• _EXERCISE INSTRUCTIONS_: Every entry below is to be copied exactly, with nothing omitted.

(Collected data)
Segment Open

lemma pos_split_outer:
  assumes "is_pos X"
  obtains u where "is_pos (X - outer u u)"
    and "\<And>j. (X - outer u u)$a$j = 0" and "\<And>j. (X - outer u u)$j$a = 0"
    and "\<And>i. X$i$a = 0 \<Longrightarrow> u$i = 0"
proof (cases "Re (X$a$a) = 0")
  case True
  have "X *v axis a 1 = 0"
    using assms pos_diag(1)[OF assms, of a] True by (intro pos_zero_diag_imp_column_zero) auto
  then have column: "X$j$a = 0" for j
    by (metis matrix_vector_axis zero_index)
  moreover have "X$a$j = 0" for j
    using herm_entry[of X a j] assms column by (simp add: pos_iff)
  ultimately show ?thesis
    using that[of 0] assms by simp
next
  case False
  define c where "c = Re (X$a$a)"
  have c: "0 < c" using False pos_diag(2)[OF assms, of a] unfolding c_def by simp
  have Xaa: "X$a$a = complex_of_real c" using pos_diag(1)[OF assms] unfolding c_def .
  define u where "u = complex_of_real (1 / sqrt c) *s (X *v axis a 1)"
  have u: "u$i = complex_of_real (1 / sqrt c) * X$i$a" for i
    unfolding u_def by (simp add: matrix_vector_axis)
  have entry: "(outer u u)$i$j = X$i$a * X$a$j / complex_of_real c" for i j
    using herm_entry[of X j a] assms inverse_sqrt_square[OF c]
    by (simp add: pos_iff outer_entry u mult_ac)
  show ?thesis
  proof (rule that)
    show "is_pos (X - outer u u)"
      using pos_diff_outer_column[OF assms] c unfolding u_def c_def by simp
    show "(X - outer u u)$a$j = 0" "(X - outer u u)$j$a = 0" for j
      using c by (simp_all add: entry Xaa)
    show "X$i$a = 0 \<Longrightarrow> u$i = 0" for i
      by (simp add: u)
  qed
qed

lemma pos_outer_decomposition_on:
  assumes "finite S" and "is_pos X" and "\<forall>i j. i \<notin> S \<or> j \<notin> S \<longrightarrow> X$i$j = 0"
  shows "\<exists>w. X = (\<Sum>k\<in>S. outer (w k) (w k))"
  using assms
proof (induction S arbitrary: X rule: finite_induct)
  case empty
  then show ?case by (auto simp: vec_eq_iff)
next
  case (insert a S)
  obtain u where pos: "is_pos (X - outer u u)"
    and row: "\<And>j. (X - outer u u)$a$j = 0" and column: "\<And>j. (X - outer u u)$j$a = 0"
    and u: "\<And>i. X$i$a = 0 \<Longrightarrow> u$i = 0"
    using pos_split_outer[OF insert.prems(1)] by metis
  have "(X - outer u u)$i$j = 0" if "i \<notin> S \<or> j \<notin> S" for i j
  proof (cases "i = a \<or> j = a")
    case True
    then show ?thesis using row column by auto
  next
    case False
    then have "X$i$j = 0" "u$i = 0 \<or> u$j = 0"
      using that insert.prems(2) u by auto
    then show ?thesis by (auto simp: outer_entry)
  qed
  then obtain w where w: "X - outer u u = (\<Sum>k\<in>S. outer (w k) (w k))"
    using insert.IH pos by blast
  have "(\<Sum>k\<in>S. outer ((w(a:=u)) k) ((w(a:=u)) k)) = (\<Sum>k\<in>S. outer (w k) (w k))"
    using insert.hyps(2) by (intro sum.cong) auto
  then have "X = (\<Sum>k\<in>insert a S. outer ((w(a:=u)) k) ((w(a:=u)) k))"
    using insert.hyps w by (simp add: algebra_simps)
  then show ?case by blast
qed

Segment Closed

• _OUTPUT OF THE EXERCISE_:
lemma pos_split_outer:
  assumes "is_pos X"
  obtains u where "is_pos (X - outer u u)"
    and "\<And>j. (X - outer u u)$a$j = 0" and "\<And>j. (X - outer u u)$j$a = 0"
    and "\<And>i. X$i$a = 0 \<Longrightarrow> u$i = 0"
proof (cases "Re (X$a$a) = 0")
  case True
  have "X *v axis a 1 = 0"
    using assms pos_diag(1)[OF assms, of a] True by (intro pos_zero_diag_imp_column_zero) auto
  then have column: "X$j$a = 0" for j
    by (metis matrix_vector_axis zero_index)
  moreover have "X$a$j = 0" for j
    using herm_entry[of X a j] assms column by (simp add: pos_iff)
  ultimately show ?thesis
    using that[of 0] assms by simp
next
  case False
  define c where "c = Re (X$a$a)"
  have c: "0 < c" using False pos_diag(2)[OF assms, of a] unfolding c_def by simp
  have Xaa: "X$a$a = complex_of_real c" using pos_diag(1)[OF assms] unfolding c_def .
  define u where "u = complex_of_real (1 / sqrt c) *s (X *v axis a 1)"
  have u: "u$i = complex_of_real (1 / sqrt c) * X$i$a" for i
    unfolding u_def by (simp add: matrix_vector_axis)
  have entry: "(outer u u)$i$j = X$i$a * X$a$j / complex_of_real c" for i j
    using herm_entry[of X j a] assms inverse_sqrt_square[OF c]
    by (simp add: pos_iff outer_entry u mult_ac)
  show ?thesis
  proof (rule that)
    show "is_pos (X - outer u u)"
      using pos_diff_outer_column[OF assms] c unfolding u_def c_def by simp
    show "(X - outer u u)$a$j = 0" "(X - outer u u)$j$a = 0" for j
      using c by (simp_all add: entry Xaa)
    show "X$i$a = 0 \<Longrightarrow> u$i = 0" for i
      by (simp add: u)
  qed
qed

lemma pos_outer_decomposition_on:
  assumes "finite S" and "is_pos X" and "\<forall>i j. i \<notin> S \<or> j \<notin> S \<longrightarrow> X$i$j = 0"
  shows "\<exists>w. X = (\<Sum>k\<in>S. outer (w k) (w k))"
  using assms
proof (induction S arbitrary: X rule: finite_induct)
  case empty
  then show ?case by (auto simp: vec_eq_iff)
next
  case (insert a S)
  obtain u where pos: "is_pos (X - outer u u)"
    and row: "\<And>j. (X - outer u u)$a$j = 0" and column: "\<And>j. (X - outer u u)$j$a = 0"
    and u: "\<And>i. X$i$a = 0 \<Longrightarrow> u$i = 0"
    using pos_split_outer[OF insert.prems(1)] by metis
  have "(X - outer u u)$i$j = 0" if "i \<notin> S \<or> j \<notin> S" for i j
  proof (cases "i = a \<or> j = a")
    case True
    then show ?thesis using row column by auto
  next
    case False
    then have "X$i$j = 0" "u$i = 0 \<or> u$j = 0"
      using that insert.prems(2) u by auto
    then show ?thesis by (auto simp: outer_entry)
  qed
  then obtain w where w: "X - outer u u = (\<Sum>k\<in>S. outer (w k) (w k))"
    using insert.IH pos by blast
  have "(\<Sum>k\<in>S. outer ((w(a:=u)) k) ((w(a:=u)) k)) = (\<Sum>k\<in>S. outer (w k) (w k))"
    using insert.hyps(2) by (intro sum.cong) auto
  then have "X = (\<Sum>k\<in>insert a S. outer ((w(a:=u)) k) ((w(a:=u)) k))"
    using insert.hyps w by (simp add: algebra_simps)
  then show ?case by blast
qed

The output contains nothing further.